Dataset:
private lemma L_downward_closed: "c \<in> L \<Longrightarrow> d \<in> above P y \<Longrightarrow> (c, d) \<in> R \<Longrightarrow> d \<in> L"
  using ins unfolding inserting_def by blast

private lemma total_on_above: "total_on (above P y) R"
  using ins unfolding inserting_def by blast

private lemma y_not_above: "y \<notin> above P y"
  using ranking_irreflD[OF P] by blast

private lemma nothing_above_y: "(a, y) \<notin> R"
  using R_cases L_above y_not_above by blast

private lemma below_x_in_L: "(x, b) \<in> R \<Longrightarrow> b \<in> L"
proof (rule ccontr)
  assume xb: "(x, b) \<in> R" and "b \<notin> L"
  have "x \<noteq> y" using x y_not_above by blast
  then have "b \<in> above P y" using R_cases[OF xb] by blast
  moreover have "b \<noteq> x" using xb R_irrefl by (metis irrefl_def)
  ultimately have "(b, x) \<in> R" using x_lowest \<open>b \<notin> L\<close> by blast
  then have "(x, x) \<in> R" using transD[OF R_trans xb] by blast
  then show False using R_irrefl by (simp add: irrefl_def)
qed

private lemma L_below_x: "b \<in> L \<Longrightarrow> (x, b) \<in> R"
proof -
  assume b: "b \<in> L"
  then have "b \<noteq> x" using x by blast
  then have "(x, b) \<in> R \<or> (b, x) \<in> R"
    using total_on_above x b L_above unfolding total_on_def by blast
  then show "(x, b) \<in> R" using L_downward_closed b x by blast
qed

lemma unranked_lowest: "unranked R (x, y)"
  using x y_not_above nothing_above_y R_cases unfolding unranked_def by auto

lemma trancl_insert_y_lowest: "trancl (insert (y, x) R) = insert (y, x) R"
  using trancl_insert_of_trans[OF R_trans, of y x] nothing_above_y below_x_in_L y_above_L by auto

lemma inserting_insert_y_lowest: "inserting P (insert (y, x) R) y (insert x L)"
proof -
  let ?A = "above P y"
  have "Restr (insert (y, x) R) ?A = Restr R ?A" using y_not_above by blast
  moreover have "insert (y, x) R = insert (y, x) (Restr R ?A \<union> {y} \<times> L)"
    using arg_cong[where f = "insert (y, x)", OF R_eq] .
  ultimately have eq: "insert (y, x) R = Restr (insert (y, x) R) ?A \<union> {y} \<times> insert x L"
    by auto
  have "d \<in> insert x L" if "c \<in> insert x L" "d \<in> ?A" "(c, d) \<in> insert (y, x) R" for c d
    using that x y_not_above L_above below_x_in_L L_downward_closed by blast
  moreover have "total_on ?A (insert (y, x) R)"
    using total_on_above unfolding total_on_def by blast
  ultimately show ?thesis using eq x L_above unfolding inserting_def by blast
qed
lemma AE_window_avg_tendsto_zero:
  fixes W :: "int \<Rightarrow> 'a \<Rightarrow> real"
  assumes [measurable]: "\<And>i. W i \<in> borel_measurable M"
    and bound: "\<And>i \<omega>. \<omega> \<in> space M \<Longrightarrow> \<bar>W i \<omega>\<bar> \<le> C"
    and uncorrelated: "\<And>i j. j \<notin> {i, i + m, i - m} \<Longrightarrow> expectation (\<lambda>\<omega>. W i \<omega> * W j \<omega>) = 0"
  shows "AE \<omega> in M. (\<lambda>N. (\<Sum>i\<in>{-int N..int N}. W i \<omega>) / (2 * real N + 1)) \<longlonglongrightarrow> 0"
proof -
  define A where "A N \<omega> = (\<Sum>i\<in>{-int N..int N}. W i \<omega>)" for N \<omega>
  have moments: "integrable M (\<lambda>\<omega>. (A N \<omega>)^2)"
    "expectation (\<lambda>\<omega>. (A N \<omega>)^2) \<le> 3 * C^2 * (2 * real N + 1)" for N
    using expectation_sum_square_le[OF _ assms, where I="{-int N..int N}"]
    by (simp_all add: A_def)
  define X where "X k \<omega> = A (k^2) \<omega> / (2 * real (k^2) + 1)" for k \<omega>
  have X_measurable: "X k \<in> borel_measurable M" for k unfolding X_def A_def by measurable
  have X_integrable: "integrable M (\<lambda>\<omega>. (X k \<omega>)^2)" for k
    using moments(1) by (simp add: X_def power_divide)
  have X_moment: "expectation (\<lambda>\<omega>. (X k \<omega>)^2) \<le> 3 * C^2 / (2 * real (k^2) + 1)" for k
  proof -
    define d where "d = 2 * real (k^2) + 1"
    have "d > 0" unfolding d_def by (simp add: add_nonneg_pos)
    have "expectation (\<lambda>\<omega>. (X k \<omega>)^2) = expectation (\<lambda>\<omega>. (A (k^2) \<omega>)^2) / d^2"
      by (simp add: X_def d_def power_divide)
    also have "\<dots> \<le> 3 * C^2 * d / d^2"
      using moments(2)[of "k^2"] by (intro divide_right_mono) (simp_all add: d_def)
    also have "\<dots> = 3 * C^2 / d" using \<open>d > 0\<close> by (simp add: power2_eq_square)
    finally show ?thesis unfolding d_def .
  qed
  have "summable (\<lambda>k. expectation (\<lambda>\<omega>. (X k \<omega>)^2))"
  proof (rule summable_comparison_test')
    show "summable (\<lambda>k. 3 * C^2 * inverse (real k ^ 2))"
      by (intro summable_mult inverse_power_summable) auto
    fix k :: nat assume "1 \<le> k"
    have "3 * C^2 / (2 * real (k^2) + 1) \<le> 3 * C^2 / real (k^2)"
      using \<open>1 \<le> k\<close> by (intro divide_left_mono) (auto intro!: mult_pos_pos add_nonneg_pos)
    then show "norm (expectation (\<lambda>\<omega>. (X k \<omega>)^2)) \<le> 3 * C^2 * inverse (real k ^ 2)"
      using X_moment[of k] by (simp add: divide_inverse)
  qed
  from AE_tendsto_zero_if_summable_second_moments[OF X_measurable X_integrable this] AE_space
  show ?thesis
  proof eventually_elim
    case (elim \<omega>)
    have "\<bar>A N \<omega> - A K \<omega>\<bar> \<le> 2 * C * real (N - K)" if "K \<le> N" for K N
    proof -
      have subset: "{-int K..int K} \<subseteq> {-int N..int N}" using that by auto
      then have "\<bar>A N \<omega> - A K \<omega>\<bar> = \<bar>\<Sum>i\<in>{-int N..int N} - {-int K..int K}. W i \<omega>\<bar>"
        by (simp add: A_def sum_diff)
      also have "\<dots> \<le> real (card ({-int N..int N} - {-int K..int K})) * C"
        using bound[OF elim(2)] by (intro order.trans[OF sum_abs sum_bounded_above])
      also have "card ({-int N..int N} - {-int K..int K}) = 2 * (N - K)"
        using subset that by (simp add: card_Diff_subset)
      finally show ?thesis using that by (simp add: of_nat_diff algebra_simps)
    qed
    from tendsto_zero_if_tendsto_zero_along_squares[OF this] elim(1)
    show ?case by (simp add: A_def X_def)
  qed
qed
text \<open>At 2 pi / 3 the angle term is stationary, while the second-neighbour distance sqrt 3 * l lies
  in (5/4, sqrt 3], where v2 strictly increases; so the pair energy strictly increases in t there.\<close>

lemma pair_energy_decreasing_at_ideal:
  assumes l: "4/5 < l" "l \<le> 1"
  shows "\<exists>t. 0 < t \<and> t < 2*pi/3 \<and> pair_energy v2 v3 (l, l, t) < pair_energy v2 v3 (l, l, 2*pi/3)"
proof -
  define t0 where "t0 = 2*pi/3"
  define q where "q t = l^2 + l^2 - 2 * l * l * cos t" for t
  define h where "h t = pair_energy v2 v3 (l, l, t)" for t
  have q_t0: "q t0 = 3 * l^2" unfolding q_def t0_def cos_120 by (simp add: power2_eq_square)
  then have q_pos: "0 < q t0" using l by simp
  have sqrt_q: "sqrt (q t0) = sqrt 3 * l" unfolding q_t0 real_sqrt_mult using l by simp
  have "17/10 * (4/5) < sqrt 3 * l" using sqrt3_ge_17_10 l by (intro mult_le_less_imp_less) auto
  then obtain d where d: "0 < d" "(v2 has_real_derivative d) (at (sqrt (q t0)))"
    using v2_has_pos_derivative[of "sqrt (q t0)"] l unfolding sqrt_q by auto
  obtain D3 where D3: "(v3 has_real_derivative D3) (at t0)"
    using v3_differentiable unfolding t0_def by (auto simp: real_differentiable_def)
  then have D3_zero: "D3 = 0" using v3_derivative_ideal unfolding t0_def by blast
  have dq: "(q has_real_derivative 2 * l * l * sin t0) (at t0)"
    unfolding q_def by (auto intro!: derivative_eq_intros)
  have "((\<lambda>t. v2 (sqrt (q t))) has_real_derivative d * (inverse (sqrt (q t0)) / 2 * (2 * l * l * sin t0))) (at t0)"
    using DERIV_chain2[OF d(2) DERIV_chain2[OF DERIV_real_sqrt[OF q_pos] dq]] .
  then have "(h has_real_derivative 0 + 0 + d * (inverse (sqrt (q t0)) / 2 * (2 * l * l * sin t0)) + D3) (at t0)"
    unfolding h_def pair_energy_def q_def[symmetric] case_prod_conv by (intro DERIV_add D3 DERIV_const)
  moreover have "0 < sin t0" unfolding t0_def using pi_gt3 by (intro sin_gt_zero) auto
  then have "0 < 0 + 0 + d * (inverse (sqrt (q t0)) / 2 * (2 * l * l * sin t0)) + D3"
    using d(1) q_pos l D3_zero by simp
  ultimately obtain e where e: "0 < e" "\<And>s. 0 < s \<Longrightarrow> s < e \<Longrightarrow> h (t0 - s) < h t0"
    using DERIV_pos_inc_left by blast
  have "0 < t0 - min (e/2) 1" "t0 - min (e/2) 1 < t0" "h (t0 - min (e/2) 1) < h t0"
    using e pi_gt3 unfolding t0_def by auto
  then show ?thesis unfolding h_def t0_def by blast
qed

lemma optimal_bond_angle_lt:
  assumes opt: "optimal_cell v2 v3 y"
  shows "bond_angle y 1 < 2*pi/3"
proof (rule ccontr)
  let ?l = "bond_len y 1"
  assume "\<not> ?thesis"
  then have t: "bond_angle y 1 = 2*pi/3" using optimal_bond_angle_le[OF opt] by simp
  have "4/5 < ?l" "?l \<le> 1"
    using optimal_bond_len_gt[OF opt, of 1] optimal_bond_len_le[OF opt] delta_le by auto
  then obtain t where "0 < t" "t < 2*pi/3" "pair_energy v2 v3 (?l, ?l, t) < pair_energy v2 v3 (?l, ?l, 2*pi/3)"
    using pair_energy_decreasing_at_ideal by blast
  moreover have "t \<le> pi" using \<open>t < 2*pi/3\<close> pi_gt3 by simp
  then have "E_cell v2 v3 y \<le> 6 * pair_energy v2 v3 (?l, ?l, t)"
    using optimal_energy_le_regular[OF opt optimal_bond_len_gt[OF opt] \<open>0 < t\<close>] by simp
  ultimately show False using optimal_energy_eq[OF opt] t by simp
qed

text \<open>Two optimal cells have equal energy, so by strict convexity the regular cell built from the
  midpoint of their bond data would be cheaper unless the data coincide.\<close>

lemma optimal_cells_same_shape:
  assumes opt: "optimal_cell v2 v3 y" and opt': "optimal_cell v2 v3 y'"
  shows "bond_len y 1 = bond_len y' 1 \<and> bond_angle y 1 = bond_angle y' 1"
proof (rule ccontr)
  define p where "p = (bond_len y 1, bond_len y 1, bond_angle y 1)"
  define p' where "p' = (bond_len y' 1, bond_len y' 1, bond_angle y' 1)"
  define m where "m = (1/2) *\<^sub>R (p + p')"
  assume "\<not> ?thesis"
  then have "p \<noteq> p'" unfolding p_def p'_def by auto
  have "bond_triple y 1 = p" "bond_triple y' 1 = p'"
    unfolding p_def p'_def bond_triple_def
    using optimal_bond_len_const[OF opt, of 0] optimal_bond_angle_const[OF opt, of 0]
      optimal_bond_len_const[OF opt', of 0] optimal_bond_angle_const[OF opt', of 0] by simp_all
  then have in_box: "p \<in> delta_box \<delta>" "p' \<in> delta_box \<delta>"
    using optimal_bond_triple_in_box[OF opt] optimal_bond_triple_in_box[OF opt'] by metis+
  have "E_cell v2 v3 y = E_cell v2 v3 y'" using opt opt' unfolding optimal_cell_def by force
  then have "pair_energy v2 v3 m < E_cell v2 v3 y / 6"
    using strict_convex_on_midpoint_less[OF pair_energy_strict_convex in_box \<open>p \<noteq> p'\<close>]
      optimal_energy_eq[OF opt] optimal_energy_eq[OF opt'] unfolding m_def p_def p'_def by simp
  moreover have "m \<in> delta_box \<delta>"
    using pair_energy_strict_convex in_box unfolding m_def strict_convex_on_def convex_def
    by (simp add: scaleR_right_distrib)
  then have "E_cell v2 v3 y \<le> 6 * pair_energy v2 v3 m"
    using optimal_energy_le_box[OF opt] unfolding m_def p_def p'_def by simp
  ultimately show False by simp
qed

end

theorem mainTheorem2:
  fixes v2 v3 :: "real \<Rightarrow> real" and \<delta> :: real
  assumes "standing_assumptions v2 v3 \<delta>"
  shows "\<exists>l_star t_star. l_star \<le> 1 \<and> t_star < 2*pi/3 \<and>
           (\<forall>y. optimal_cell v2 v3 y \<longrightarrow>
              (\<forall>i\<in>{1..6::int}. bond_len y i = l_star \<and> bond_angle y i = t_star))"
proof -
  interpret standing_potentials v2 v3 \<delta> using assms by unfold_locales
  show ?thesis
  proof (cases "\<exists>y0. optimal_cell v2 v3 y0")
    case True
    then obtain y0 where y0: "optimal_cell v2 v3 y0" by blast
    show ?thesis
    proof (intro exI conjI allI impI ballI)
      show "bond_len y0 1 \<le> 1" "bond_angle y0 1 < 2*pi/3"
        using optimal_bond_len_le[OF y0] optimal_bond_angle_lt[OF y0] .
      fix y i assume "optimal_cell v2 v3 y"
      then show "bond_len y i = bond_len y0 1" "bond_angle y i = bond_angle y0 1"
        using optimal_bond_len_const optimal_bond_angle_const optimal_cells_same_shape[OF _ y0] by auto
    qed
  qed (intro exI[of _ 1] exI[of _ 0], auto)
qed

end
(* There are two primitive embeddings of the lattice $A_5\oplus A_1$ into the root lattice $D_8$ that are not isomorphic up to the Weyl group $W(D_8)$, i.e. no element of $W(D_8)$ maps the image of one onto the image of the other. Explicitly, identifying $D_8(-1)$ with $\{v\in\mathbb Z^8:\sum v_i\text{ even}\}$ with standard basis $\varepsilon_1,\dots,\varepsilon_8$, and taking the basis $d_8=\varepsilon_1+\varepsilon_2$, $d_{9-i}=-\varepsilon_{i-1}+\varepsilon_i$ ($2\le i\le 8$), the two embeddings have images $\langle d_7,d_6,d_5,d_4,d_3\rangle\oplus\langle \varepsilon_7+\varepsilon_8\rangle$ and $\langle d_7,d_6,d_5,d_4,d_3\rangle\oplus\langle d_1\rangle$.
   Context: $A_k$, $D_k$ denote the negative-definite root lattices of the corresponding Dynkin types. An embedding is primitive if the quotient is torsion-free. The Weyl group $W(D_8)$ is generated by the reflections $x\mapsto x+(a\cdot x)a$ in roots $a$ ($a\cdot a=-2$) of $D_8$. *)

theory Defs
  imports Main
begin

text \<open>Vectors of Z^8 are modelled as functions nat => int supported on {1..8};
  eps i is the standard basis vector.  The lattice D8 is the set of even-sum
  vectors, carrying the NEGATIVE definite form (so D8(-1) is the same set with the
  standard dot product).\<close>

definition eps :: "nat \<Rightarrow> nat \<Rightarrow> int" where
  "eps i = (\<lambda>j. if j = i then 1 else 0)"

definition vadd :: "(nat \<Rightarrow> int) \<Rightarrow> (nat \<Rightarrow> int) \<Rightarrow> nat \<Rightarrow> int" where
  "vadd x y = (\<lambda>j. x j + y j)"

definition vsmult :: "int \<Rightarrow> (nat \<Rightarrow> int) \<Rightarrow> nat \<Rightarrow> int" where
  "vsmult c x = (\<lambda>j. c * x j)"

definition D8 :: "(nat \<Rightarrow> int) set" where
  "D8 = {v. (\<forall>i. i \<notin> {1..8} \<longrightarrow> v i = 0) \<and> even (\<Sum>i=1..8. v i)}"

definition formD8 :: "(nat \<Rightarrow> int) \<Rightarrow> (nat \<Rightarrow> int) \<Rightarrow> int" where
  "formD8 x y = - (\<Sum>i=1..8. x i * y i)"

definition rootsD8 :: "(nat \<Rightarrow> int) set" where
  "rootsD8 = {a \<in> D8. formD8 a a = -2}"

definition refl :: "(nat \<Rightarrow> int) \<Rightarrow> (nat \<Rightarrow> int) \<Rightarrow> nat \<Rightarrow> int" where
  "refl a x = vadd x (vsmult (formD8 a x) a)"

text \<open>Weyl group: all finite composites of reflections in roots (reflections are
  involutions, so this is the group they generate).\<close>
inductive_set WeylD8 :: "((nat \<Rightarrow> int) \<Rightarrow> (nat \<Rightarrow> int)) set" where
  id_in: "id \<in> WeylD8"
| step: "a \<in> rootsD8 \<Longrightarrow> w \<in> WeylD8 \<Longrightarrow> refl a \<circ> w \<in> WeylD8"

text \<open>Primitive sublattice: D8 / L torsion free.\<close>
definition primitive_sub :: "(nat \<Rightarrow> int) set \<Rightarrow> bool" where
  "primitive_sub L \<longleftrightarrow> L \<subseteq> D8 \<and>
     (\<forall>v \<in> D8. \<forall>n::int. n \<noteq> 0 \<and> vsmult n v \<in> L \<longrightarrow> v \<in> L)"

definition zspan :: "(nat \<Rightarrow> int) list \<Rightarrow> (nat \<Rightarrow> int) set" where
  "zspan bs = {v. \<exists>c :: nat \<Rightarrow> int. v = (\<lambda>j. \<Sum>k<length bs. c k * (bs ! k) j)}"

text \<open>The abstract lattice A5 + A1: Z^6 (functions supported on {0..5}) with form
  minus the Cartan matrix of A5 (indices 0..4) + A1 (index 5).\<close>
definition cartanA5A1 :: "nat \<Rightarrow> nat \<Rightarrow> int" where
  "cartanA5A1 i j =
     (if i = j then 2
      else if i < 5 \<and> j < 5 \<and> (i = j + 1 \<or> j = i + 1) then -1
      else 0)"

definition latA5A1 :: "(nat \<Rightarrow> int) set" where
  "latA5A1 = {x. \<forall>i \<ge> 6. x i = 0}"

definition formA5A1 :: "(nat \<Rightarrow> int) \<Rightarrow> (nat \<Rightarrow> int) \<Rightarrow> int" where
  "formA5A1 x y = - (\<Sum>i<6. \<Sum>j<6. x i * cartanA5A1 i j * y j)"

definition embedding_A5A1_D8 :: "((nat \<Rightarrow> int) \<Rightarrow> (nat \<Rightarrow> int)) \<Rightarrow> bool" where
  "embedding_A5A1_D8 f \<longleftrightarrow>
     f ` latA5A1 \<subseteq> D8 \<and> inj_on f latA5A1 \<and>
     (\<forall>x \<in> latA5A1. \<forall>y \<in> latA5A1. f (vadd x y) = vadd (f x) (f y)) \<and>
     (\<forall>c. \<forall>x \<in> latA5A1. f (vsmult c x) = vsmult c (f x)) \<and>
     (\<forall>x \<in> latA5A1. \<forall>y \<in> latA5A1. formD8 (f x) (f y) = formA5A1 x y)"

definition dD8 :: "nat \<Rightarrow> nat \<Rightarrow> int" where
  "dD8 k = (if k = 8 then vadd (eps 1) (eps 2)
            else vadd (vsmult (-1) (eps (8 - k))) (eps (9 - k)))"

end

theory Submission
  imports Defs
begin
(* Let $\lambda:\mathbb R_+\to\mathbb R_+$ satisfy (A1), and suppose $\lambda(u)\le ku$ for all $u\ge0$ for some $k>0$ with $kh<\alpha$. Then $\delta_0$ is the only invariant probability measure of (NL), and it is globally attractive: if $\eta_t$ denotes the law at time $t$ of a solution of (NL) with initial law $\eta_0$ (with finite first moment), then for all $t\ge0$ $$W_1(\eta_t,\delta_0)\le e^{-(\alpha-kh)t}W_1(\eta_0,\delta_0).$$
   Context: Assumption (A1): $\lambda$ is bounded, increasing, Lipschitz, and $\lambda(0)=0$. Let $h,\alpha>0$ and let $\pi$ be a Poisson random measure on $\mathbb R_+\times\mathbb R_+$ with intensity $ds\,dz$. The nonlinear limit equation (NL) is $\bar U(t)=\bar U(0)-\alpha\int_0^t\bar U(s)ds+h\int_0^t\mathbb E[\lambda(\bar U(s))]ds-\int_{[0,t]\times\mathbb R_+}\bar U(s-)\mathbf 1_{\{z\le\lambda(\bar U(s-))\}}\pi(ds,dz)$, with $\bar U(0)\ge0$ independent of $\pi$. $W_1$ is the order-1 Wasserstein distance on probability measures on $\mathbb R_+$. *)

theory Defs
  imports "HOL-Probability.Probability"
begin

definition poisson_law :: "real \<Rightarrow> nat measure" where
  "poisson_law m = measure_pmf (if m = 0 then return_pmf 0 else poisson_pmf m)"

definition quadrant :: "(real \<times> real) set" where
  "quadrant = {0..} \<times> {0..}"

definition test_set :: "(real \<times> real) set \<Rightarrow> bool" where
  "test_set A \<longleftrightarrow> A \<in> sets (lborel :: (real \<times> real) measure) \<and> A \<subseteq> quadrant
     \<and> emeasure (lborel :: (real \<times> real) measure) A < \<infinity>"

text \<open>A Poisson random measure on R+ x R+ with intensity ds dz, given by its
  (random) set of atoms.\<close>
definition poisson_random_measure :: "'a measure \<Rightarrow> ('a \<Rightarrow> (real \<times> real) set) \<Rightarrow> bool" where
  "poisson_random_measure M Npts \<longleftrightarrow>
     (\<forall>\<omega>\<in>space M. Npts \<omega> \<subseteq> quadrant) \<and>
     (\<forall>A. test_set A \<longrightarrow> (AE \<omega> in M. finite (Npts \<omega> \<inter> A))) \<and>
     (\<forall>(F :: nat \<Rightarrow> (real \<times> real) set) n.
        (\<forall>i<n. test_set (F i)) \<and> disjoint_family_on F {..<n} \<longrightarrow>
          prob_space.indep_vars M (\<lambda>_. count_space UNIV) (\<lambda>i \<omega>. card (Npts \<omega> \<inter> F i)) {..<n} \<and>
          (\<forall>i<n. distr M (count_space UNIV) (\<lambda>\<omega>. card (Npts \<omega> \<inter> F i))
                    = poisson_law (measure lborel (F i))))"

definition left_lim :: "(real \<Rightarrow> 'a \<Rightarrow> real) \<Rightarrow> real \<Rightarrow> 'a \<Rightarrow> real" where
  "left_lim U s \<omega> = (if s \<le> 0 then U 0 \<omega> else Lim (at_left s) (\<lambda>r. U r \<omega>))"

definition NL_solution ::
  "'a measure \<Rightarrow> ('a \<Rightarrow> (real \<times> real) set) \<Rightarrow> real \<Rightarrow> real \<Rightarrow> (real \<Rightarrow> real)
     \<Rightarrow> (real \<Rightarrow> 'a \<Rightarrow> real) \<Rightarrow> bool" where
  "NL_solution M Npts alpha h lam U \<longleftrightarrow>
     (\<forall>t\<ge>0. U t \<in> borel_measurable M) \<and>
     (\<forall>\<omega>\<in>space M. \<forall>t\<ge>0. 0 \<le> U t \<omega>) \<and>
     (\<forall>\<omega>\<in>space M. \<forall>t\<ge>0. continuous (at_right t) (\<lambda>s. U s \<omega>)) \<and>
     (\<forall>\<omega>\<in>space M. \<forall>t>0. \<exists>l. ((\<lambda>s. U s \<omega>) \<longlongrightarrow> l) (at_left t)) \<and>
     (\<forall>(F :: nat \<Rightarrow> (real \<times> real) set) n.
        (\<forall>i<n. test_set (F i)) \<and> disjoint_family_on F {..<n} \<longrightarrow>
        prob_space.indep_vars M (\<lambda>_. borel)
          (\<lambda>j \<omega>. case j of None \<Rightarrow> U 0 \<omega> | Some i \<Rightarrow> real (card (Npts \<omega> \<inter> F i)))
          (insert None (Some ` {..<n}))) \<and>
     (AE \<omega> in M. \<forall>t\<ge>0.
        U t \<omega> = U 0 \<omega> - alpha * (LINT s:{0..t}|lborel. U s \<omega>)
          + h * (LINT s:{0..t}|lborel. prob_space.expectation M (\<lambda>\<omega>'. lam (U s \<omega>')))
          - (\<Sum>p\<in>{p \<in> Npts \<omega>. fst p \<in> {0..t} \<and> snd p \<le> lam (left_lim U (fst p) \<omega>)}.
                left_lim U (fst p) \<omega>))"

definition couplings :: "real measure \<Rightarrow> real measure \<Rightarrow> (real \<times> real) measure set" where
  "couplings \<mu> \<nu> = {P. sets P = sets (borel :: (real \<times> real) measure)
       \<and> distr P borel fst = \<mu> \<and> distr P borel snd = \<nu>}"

Task description: Among the lines of the listing above, count those that hold the string "noteq", giving the count alone.

Task answer: 6